Isacar slammed his hands on the hover drone and leant forward only to be startled as the machine gave a click and a whir and buzzed into life with a burst of static energy.

Isacar blinked at it. "I think we've done it!"

Dix hurried over, his fingers checking over the adjustments that Isacar had made. "Well I'll be a—," he peered at Em from the corner of his eye, "—thrice-be-damned descendant of a canine female. You've done it!"

Em threw back her head and laughed. "Well done, us."

"Let's get these things in the air," Techie ordered and reached over to follow Isacar's pattern with his own drone.

"Pix?" Isacar called. "We should have these in the air in five minutes."

Pix nodded, his eyes not leaving screen 6 and the rubble where Aiden and Feen had been. They may have the drones, but it may be too late.

Feen had once sat with her friends in the recreation room in Seattle and they had talked about the worst ways to die. It had been raining outside; cold, harsh sheets of rain, coming down too hard for them to see even a metre in front of them, and the Trainers hadn't wanted to even think about teaching them out of doors. They'd sat on tables, chairs and on the floor and someone, possibly Drew in one of her more psychotic moments, had asked what was the worst way for a person to die.

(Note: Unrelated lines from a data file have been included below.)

lemma cubic_eval_f_inf:
  fixes v :: "nat + nat \<times> nat \<Rightarrow> 'k::comm_ring_1"
  assumes "finite {x. v x \<noteq> 0}" and "finite P"
    and "\<And>i j. v (Inl i) \<noteq> 0 \<Longrightarrow> v (Inr (i, j)) \<noteq> 0 \<Longrightarrow> (i, j) \<in> P"
  shows "cubic_eval f_inf v = (\<Sum>(i, j)\<in>P. 3 * v (Inl i) * v (Inr (i, j))^2)"
proof -
  define mon :: "nat \<times> nat \<Rightarrow> (nat + nat \<times> nat) multiset"
    where "mon = (\<lambda>(i, j). {#Inl i, Inr (i, j), Inr (i, j)#})"
  have "inj mon"
  proof (rule injI)
    fix p q assume "mon p = mon q"
    then have "set_mset (mon p) = set_mset (mon q)" by simp
    then show "p = q" by (auto simp: mon_def split: prod.splits)
  qed
  have f_inf_mon: "f_inf (mon p) = 3" for p
    by (auto simp: f_inf_def mon_def split: prod.splits)
  have "cubic_eval f_inf v = (\<Sum>m\<in>mon ` P. f_inf m * (\<Prod>x\<in>#m. v x))"
  proof (rule cubic_eval_eq_sum)
    fix m assume m: "m \<in> multisets_of_size {x. v x \<noteq> 0} 3" and "f_inf m \<noteq> (0::'k)"
    then obtain i j where ij: "m = mon (i, j)"
      by (auto simp: f_inf_def mon_def split: if_splits)
    then have "(i, j) \<in> P"
      using m assms(3) by (auto simp: mon_def multisets_of_size_def)
    then show "m \<in> mon ` P"
      using ij by blast
  qed (use assms(1,2) in \<open>auto simp: mon_def\<close>)
  also have "\<dots> = (\<Sum>p\<in>P. f_inf (mon p) * (\<Prod>x\<in>#mon p. v x))"
    using \<open>inj mon\<close> by (simp add: sum.reindex inj_on_subset)
  also have "\<dots> = (\<Sum>(i, j)\<in>P. 3 * v (Inl i) * v (Inr (i, j))^2)"
    unfolding f_inf_mon by (rule sum.cong) (auto simp: mon_def power2_eq_square)
  finally show ?thesis .
qed

lemma cubic_embedding_trans:
  assumes "cubic_embedding J g I f \<phi>" and "cubic_embedding I f K h \<psi>"
  shows "cubic_embedding J g K h (\<psi> \<circ> \<phi>)"
  using assms unfolding cubic_embedding_def is_linear_between_def by simp

definition relabel :: "'j set \<Rightarrow> ('j \<Rightarrow> 'i) \<Rightarrow> ('j \<Rightarrow> 'k::zero) \<Rightarrow> 'i \<Rightarrow> 'k" where
  "relabel J e w i = (if i \<in> e ` J then w (inv_into J e i) else 0)"

lemma relabel_image:
  assumes "inj_on e J" and "j \<in> J"
  shows "relabel J e w (e j) = w j"
  using assms by (simp add: relabel_def)

lemma support_relabel:
  assumes "inj_on e J" and "w \<in> fin_vec J"
  shows "{i. relabel J e w i \<noteq> 0} = e ` {j. w j \<noteq> 0}"
proof
  show "{i. relabel J e w i \<noteq> 0} \<subseteq> e ` {j. w j \<noteq> 0}"
  proof
    fix i assume "i \<in> {i. relabel J e w i \<noteq> 0}"
    then have "i \<in> e ` J" "w (inv_into J e i) \<noteq> 0"
      by (auto simp: relabel_def split: if_splits)
    then show "i \<in> e ` {j. w j \<noteq> 0}"
      by (auto intro: image_eqI[OF f_inv_into_f[symmetric]])
  qed
  show "e ` {j. w j \<noteq> 0} \<subseteq> {i. relabel J e w i \<noteq> 0}"
    using assms by (force simp: relabel_image fin_vec_def)
qed

lemma cubic_eval_relabel:
  fixes g :: "'j multiset \<Rightarrow> 'k::comm_ring_1"
  assumes e: "inj_on e J" and w: "w \<in> fin_vec J"
  shows "cubic_eval (g \<circ> image_mset (inv_into J e)) (relabel J e w) = cubic_eval g w"
proof -
  define S where "S = {j. w j \<noteq> 0}"
  define D where "D = multisets_of_size S 3"
  have S: "S \<subseteq> J"
    using w by (auto simp: S_def fin_vec_def)
  have supp: "{i. relabel J e w i \<noteq> 0} = e ` S"
    unfolding S_def using e w by (rule support_relabel)
  have D_J: "set_mset m \<subseteq> J" if "m \<in> D" for m
    using that S by (auto simp: D_def multisets_of_size_def)
  have "{m. size m = 3 \<and> set_mset m \<subseteq> e ` S} = image_mset e ` D"
    using multisets_of_size_image[of e S 3]
    by (simp add: D_def multisets_of_size_def conj_commute)
  then have "cubic_eval (g \<circ> image_mset (inv_into J e)) (relabel J e w)
      = (\<Sum>m\<in>image_mset e ` D. (g \<circ> image_mset (inv_into J e)) m * (\<Prod>i\<in>#m. relabel J e w i))"
    by (simp add: cubic_eval_def supp)
  also have "\<dots> = (\<Sum>m\<in>D. g m * (\<Prod>j\<in>#m. w j))"
  proof (rule sum.reindex_cong)
    show "inj_on (image_mset e) D"
      by (rule inj_on_inverseI[where g = "image_mset (inv_into J e)"])
        (use e D_J image_mset_inv_into_image_mset in blast)
    fix m assume m: "m \<in> D"
    have "(\<Prod>i\<in>#image_mset e m. relabel J e w i) = (\<Prod>j\<in>#m. w j)"
      using D_J[OF m] e
      by (auto simp: multiset.map_comp relabel_image intro!: arg_cong[where f = prod_mset] image_mset_cong)
    then show "(g \<circ> image_mset (inv_into J e)) (image_mset e m) * (\<Prod>i\<in>#image_mset e m. relabel J e w i)
        = g m * (\<Prod>j\<in>#m. w j)"
      using D_J[OF m] e by (simp add: image_mset_inv_into_image_mset)
  qed simp
  also have "\<dots> = cubic_eval g w"
    by (simp add: cubic_eval_def D_def S_def multisets_of_size_def conj_commute)
  finally show ?thesis .
qed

"Burned to death," Dek had said with a shudder. "Feeling the flames catch you and burn your skin."

"Gross much?" Cece shuddered and he'd thrown popcorn at her.

"Drowning." Pix spared a glance with Max over that. "Unable to get to the surface no matter how much you fought."

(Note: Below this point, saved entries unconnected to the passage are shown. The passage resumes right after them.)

lemma first_entr_partial_sums_le_1:
  assumes p: "stochastic p"
  shows "(\<Sum>x\<in>UNIV. \<Sum>n<K. first_entr p F n z x) \<le> 1"
proof (induction K arbitrary: z)
  case (Suc K)
  have split: "(\<Sum>n<Suc K. first_entr p F n z x) =
      first_entr p F 0 z x + (\<Sum>n<K. first_entr p F (Suc n) z x)" for x
    by (rule sum.lessThan_Suc_shift)
  show ?case
  proof (cases "z \<in> F")
    case True
    then show ?thesis unfolding split by simp
  next
    case False
    have "(\<Sum>x\<in>UNIV. \<Sum>n<Suc K. first_entr p F n z x) =
        (\<Sum>x\<in>UNIV. \<Sum>n<K. \<Sum>y\<in>UNIV. p z y * first_entr p F n y x)"
      unfolding split using False by simp
    also have "\<dots> = (\<Sum>x\<in>UNIV. \<Sum>y\<in>UNIV. \<Sum>n<K. p z y * first_entr p F n y x)"
      by (intro sum.cong refl sum.swap)
    also have "\<dots> = (\<Sum>y\<in>UNIV. p z y * (\<Sum>x\<in>UNIV. \<Sum>n<K. first_entr p F n y x))"
      by (subst sum.swap) (simp add: sum_distrib_left)
    also have "\<dots> \<le> (\<Sum>y\<in>UNIV. p z y * 1)"
      using Suc.IH p unfolding stochastic_def by (intro sum_mono mult_left_mono) auto
    also have "\<dots> = 1" using p unfolding stochastic_def by simp
    finally show ?thesis .
  qed
qed simp

lemma summable_first_entr:
  assumes p: "stochastic p"
  shows "summable (\<lambda>n. first_entr p F n z x)"
proof (rule summableI_nonneg_bounded)
  show "0 \<le> first_entr p F n z x" for n using first_entr_nonneg[OF p] .
  have "(\<Sum>n<K. first_entr p F n z x) \<le> (\<Sum>x'\<in>UNIV. \<Sum>n<K. first_entr p F n z x')" for K
    by (rule member_le_sum) (auto intro!: sum_nonneg first_entr_nonneg[OF p])
  then show "(\<Sum>n<K. first_entr p F n z x) \<le> 1" for K
    using first_entr_partial_sums_le_1[OF p] order_trans by blast
qed

lemma hitting_distribution_nonneg: "stochastic p \<Longrightarrow> 0 \<le> hitting_distribution p F z x"
  unfolding hitting_distribution_def
  by (intro suminf_nonneg summable_first_entr first_entr_nonneg)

"Shot in the stomach," Steve offered. "Bleed to death and know that there isn't anything you can do about it."

"Eviscerated." Had been Alec's contribution as he pulled Max in closer, wrapping his arms around her middle. "Being awake while someone pulls out your insides."

"Death by torture?" Mets leant back on the sofa and thrown popcorn into his open mouth. "Electrolysis or maybe—"

"Sliced and diced?" Analytical Zan raised an eyebrow. "I always wondered at the 19th century tradition of being hung, drawn and quartered. Can't be pleasant."

"At least they were thorough," Coco laughed. "Nothing worse than a half-assed job. If you're gonna kill someone do it well."

"There are plenty of things you can do with scalpels," Tara offered and Carrot looked at her oddly.

"What?"

"You're scary!" he replied and she looked absurdly pleased.

"Max?" Drew looked at her friend. "Worst way to die?"

"Alone," Max said softly and there was silence for a moment.

"Being buried alive," Aiden had said into the quiet. "Knowing that, not only were you alone, but that no one knew where you were or would come to find you; that your oxygen was running out and you were going to die."

More silence and then Feen turned to Drew who had been uncharacteristically silent on the subject that she'd started. "What about you?"

Drew had chewed her gum for a second and then had looked up with a fierce grin. "Dying of old age, peaceful in my bed."

It was that grin that Feen thought of now as she shifted in the darkness. After the explosion of the helicopter and the jump over to the rooftops she had been so neatly tucked under Aiden that she hadn't even flinched when the lights went out.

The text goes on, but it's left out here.